Saturday, June 03, 2006

The Hive Mind is stupid and boring -- why do we love it so?

Jaron Lanier, writing for The Edge, writes about our infatuation with the Hive Mind.

As somebody who believes strongly in the advantages of such examples of collectivism as Wikipedia, Google's page ranking, the Open Source philosophy, and the benefits of free and open competition, Lanier's argument appeared provocative (if not downright ignorant) to me -- at first glance. But after getting past the first part of the article, and actually reading it through to the conclusion, I realised that he wasn't arguing against the wisdom of the crowd, but warning that crowds can easily turn into mobs, which are notoriously stupid. (The intelligence of a mob, it has been said, is that of its stupidist member divided by the number of members.)

There are many examples of collectivist behaviour where the crowd is more intelligent than the smartest individual. It is the basis of capitalism: the free market is often better able to allocate scarce resources than the wisest autocratic ruler, let alone some out-of-touch bureaucrats. It explains why the scientific consensus is so often right, when individual scientists so often have feet of clay and irrational foibles.

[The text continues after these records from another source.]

text \<open>
  Let \<open>m = j + 1\<close> and \<open>G = \<Sum> X\<^sub>i\<^sup>2 - \<Sum>\<^sub>i\<^sub><\<^sub>k X\<^sub>i X\<^sub>k\<close>.
  The quadric \<open>G = 0\<close> is tangent to each coordinate plane, e.g. to \<open>X\<^sub>1 = 0\<close>
  at \<open>[0:1:1:1]\<close>. The surface \<open>F = G(x\<^sub>1\<^sup>m, \<dots>, x\<^sub>4\<^sup>m)\<close> of degree \<open>2m\<close> is its
  pull-back under the \<open>m\<close>-th power map, and each tangency point has \<open>m\<^sup>2\<close> preimages,
  e.g. \<open>[0:y:z:1]\<close> with \<open>y\<^sup>m = z\<^sup>m = 1\<close>.

  Near such a point put \<open>X = x\<^sub>1\<^sup>m\<close>, \<open>a = (y + x\<^sub>2)\<^sup>m - 1\<close>, \<open>b = (z + x\<^sub>3)\<^sup>m - 1\<close>.
  For a primitive cube root of unity \<open>\<omega>\<close>,
  \<open>G(X, 1 + a, 1 + b, 1) = u X + (a + \<omega> b)(a + \<omega>\<^sup>2 b)\<close> with the unit
  \<open>u = X - a - b - 3\<close>, so \<open>F = u (x\<^sub>1\<^sup>m + \<alpha> \<beta>)\<close> for \<open>\<alpha> = a + \<omega> b\<close>,
  \<open>\<beta> = (a + \<omega>\<^sup>2 b) / u\<close>. Here \<open>a, b\<close> are local coordinates (inverted by principal
  \<open>m\<close>-th roots) and \<open>(a, b)\<close> is recovered from \<open>(\<alpha>, \<beta>)\<close> by a linear system, so
  \<open>(x\<^sub>1, \<alpha>, \<beta>)\<close> are local coordinates; finally \<open>\<alpha> \<beta> = w\<^sub>2\<^sup>2 + w\<^sub>3\<^sup>2\<close> for
  \<open>w\<^sub>2 = (\<alpha> + \<beta>)/2\<close>, \<open>w\<^sub>3 = (\<alpha> - \<beta>)/2i\<close>.
\<close>

section \<open>Holomorphic functions of several variables\<close>

definition holo_at :: "(complex^'n \<Rightarrow> complex) \<Rightarrow> complex^'n \<Rightarrow> bool" where
  "holo_at f x \<longleftrightarrow> (\<exists>L. (f has_derivative L) (at x) \<and> (\<forall>v. L (\<i> *s v) = \<i> * L v))"

lemma holo_fun_iff: "holo_fun f S \<longleftrightarrow> open S \<and> (\<forall>x\<in>S. holo_at f x)"
  unfolding holo_fun_def holo_at_def by blast

lemma continuous_at_holo_at: "holo_at f x \<Longrightarrow> continuous (at x) f"
  unfolding holo_at_def using has_derivative_continuous by blast

lemma holo_at_const: "holo_at (\<lambda>t. c) x"
  unfolding holo_at_def by (rule exI[of _ "\<lambda>h. 0"]) auto

lemma holo_at_component: "holo_at (\<lambda>t. t $ k) x"
  unfolding holo_at_def
  by (rule exI[of _ "\<lambda>h. h $ k"]) (auto intro: bounded_linear_imp_has_derivative)

lemma holo_at_add:
  assumes "holo_at f x" and "holo_at g x"
  shows "holo_at (\<lambda>t. f t + g t) x"
proof -
  obtain L M where "(f has_derivative L) (at x)" "(g has_derivative M) (at x)"
    and "\<forall>v. L (\<i> *s v) = \<i> * L v" "\<forall>v. M (\<i> *s v) = \<i> * M v"
    using assms unfolding holo_at_def by blast
  then show ?thesis
    unfolding holo_at_def
    by (intro exI[of _ "\<lambda>h. L h + M h"]) (auto intro: has_derivative_add simp: algebra_simps)
qed

lemma holo_at_diff:
  assumes "holo_at f x" and "holo_at g x"
  shows "holo_at (\<lambda>t. f t - g t) x"
proof -
  obtain L M where "(f has_derivative L) (at x)" "(g has_derivative M) (at x)"
    and "\<forall>v. L (\<i> *s v) = \<i> * L v" "\<forall>v. M (\<i> *s v) = \<i> * M v"
    using assms unfolding holo_at_def by blast
  then show ?thesis
    unfolding holo_at_def
    by (intro exI[of _ "\<lambda>h. L h - M h"]) (auto intro: has_derivative_diff simp: algebra_simps)
qed

lemma holo_at_mult:
  assumes "holo_at f x" and "holo_at g x"
  shows "holo_at (\<lambda>t. f t * g t) x"
proof -
  obtain L M where "(f has_derivative L) (at x)" "(g has_derivative M) (at x)"
    and "\<forall>v. L (\<i> *s v) = \<i> * L v" "\<forall>v. M (\<i> *s v) = \<i> * M v"
    using assms unfolding holo_at_def by blast
  then have "((\<lambda>t. f t * g t) has_derivative (\<lambda>h. f x * M h + L h * g x)) (at x)"
    by (intro has_derivative_mult)
  with \<open>\<forall>v. L (\<i> *s v) = \<i> * L v\<close> \<open>\<forall>v. M (\<i> *s v) = \<i> * M v\<close> show ?thesis
    unfolding holo_at_def by (intro exI[of _ "\<lambda>h. f x * M h + L h * g x"]) (simp add: algebra_simps)
qed

lemma holo_at_compose:
  assumes "holo_at f x" and "g field_differentiable (at (f x))"
  shows "holo_at (\<lambda>t. g (f t)) x"
proof -
  obtain L where L: "(f has_derivative L) (at x)" "\<forall>v. L (\<i> *s v) = \<i> * L v"
    using assms(1) unfolding holo_at_def by blast
  obtain g' where "(g has_derivative (\<lambda>h. g' * h)) (at (f x))"
    using assms(2) unfolding field_differentiable_def has_field_derivative_def by blast
  then have "((\<lambda>t. g (f t)) has_derivative (\<lambda>h. g' * L h)) (at x)"
    by (rule has_derivative_compose[OF L(1)])
  with L(2) show ?thesis
    unfolding holo_at_def by (intro exI[of _ "\<lambda>h. g' * L h"]) (simp add: algebra_simps)
qed

lemma holo_at_power: "holo_at f x \<Longrightarrow> holo_at (\<lambda>t. f t ^ n) x"
  using holo_at_compose[of f x "\<lambda>w. w ^ n"]
    field_differentiable_power[OF field_differentiable_ident] by blast

lemma holo_at_divide:
  assumes "holo_at f x" and "holo_at g x" and "g x \<noteq> 0"
  shows "holo_at (\<lambda>t. f t / g t) x"
proof -
  have "holo_at (\<lambda>t. inverse (g t)) x"
    using holo_at_compose[of g x inverse] field_differentiable_inverse[OF field_differentiable_ident]
      assms(2,3) by blast
  then show ?thesis
    using holo_at_mult[OF assms(1)] by (simp add: divide_inverse)
qed

lemmas holo_at_intros =
  holo_at_const holo_at_component holo_at_add holo_at_diff holo_at_mult holo_at_power holo_at_divide

lemma open_Collect_holo_at:
  assumes "open S" and "\<And>x. x \<in> S \<Longrightarrow> holo_at f x" and "open T"
  shows "open {x \<in> S. f x \<in> T}"
proof -
  have "continuous_on S f"
    using assms(2) continuous_at_holo_at by (blast intro: continuous_at_imp_continuous_on)
  then have "open (S \<inter> f -` T)"
    using assms by (intro continuous_open_preimage) auto
  moreover have "S \<inter> f -` T = {x \<in> S. f x \<in> T}" by auto
  ultimately show ?thesis by simp
qed

lemma has_derivative_vec_lambda:
  fixes f :: "'m::finite \<Rightarrow> complex^'n \<Rightarrow> complex"
  assumes "\<And>i. (f i has_derivative L i) (at x)"
  shows "((\<lambda>t. \<chi> i. f i t) has_derivative (\<lambda>h. \<chi> i. L i h)) (at x)"
proof (subst has_derivative_componentwise_within, intro ballI)
  fix b :: "complex^'m"
  assume "b \<in> Basis"
  then obtain i c where "b = axis i c" and "c \<in> Basis"
    by (auto simp: Basis_vec_def)
  then show "((\<lambda>t. (\<chi> i. f i t) \<bullet> b) has_derivative (\<lambda>h. (\<chi> i. L i h) \<bullet> b)) (at x)"
    by (simp add: inner_axis bounded_linear.has_derivative[OF bounded_linear_inner_left assms])
qed

lemma holo_map_vec_lambda:
  assumes "open S" and "\<And>i x. x \<in> S \<Longrightarrow> holo_at (f i) x"
  shows "holo_map (\<lambda>t. \<chi> i. f i t) S"
  unfolding holo_map_def
proof (intro conjI ballI)
  show "open S" by fact
  fix x assume "x \<in> S"
  then have "\<forall>i. \<exists>L. (f i has_derivative L) (at x) \<and> (\<forall>v. L (\<i> *s v) = \<i> * L v)"
    using assms(2) unfolding holo_at_def by blast
  then obtain L where L: "\<And>i. (f i has_derivative L i) (at x)" "\<And>i v. L i (\<i> *s v) = \<i> * L i v"
    by metis
  show "\<exists>L. ((\<lambda>t. \<chi> i. f i t) has_derivative L) (at x) \<and> (\<forall>v. L (\<i> *s v) = \<i> *s L v)"
    by (intro exI[of _ "\<lambda>h. \<chi> i. L i h"] conjI allI has_derivative_vec_lambda L(1))
      (simp add: L(2) vec_eq_iff)
qed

But likewise, crowds are not always wise, the free market is not always clever (witness Tuplip Mania, the South Sea Bubble, and the Dot Com Boom), and sometimes it takes an individual genius to shift the scientific consensus. The Hive Mind (or the Borg Collective if you prefer) is dumb precisely because it is made up of many individuals with but a single opinion. Crowds are wise when they contain opinions and free competition. Lanier's article, despite its title and provocative opening, is not so much warning that crowd decisions are stupid as reminding us of that sometimes they can be, and that we, as individuals, need the sense to tell when to listen to the crowd and when to seek out individual experts.